● **Problem details**:
Report every line below that holds the word "linarith".

Data to examine Block Start

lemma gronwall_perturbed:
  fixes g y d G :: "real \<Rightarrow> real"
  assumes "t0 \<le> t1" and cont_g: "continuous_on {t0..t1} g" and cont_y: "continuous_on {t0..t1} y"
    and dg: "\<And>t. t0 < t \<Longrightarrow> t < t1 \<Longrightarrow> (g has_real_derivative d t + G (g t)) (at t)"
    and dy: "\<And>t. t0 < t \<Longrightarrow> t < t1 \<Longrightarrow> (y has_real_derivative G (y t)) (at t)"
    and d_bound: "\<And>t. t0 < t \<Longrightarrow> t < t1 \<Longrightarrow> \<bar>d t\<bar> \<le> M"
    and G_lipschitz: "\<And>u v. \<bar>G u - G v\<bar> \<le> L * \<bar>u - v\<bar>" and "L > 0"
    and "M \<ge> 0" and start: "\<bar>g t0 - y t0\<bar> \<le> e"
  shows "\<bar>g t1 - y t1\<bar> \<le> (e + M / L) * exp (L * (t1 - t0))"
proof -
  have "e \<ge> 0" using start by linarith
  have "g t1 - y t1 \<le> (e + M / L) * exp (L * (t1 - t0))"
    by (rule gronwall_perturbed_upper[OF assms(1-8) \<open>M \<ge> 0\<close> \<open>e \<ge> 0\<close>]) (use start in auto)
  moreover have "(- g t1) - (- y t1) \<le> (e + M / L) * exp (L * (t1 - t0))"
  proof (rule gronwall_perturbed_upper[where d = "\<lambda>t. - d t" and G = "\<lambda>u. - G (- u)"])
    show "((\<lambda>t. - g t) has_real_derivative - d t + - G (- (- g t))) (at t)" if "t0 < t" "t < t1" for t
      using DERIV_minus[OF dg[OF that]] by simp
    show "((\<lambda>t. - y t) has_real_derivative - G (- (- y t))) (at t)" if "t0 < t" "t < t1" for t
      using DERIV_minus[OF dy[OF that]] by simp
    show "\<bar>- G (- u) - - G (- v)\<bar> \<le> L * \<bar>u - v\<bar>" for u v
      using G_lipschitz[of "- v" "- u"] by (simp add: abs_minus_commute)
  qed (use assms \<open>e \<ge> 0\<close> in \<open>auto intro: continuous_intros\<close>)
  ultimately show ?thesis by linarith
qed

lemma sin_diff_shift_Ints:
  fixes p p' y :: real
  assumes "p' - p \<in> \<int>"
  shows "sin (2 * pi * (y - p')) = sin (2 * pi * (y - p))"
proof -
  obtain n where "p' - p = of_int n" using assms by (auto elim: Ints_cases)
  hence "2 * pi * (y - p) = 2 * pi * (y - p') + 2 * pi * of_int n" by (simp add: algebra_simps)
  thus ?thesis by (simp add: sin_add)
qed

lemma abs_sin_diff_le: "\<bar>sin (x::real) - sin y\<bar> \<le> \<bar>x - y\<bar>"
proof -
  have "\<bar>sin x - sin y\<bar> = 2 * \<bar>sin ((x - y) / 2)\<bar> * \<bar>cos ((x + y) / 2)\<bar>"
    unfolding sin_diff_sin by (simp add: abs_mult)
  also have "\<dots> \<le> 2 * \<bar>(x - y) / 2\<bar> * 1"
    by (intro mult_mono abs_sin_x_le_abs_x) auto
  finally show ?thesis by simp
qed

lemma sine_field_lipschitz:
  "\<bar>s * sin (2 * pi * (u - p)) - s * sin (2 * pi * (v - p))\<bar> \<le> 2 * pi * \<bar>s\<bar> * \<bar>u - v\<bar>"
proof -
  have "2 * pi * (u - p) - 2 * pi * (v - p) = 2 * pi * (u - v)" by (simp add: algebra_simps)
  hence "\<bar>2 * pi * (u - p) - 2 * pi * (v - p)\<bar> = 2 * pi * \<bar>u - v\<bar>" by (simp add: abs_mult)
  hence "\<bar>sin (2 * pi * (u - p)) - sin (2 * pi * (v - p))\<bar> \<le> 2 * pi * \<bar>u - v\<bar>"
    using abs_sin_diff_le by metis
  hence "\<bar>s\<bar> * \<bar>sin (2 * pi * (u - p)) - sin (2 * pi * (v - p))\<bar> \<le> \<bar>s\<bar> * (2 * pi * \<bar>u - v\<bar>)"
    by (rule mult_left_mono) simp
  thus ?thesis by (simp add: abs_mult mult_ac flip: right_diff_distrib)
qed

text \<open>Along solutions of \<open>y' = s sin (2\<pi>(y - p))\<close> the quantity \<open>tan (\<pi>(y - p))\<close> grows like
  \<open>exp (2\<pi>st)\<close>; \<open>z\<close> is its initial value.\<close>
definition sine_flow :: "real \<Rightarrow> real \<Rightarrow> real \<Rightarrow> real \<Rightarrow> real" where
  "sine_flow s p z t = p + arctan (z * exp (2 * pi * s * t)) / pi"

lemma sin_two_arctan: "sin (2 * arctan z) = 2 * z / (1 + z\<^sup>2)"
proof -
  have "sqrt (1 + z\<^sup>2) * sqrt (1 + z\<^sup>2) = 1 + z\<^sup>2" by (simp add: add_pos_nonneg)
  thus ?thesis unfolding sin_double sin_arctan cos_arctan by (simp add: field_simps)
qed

Data to examine Block End

● **Finished exercise**:
  have "e \<ge> 0" using start by linarith
  ultimately show ?thesis by linarith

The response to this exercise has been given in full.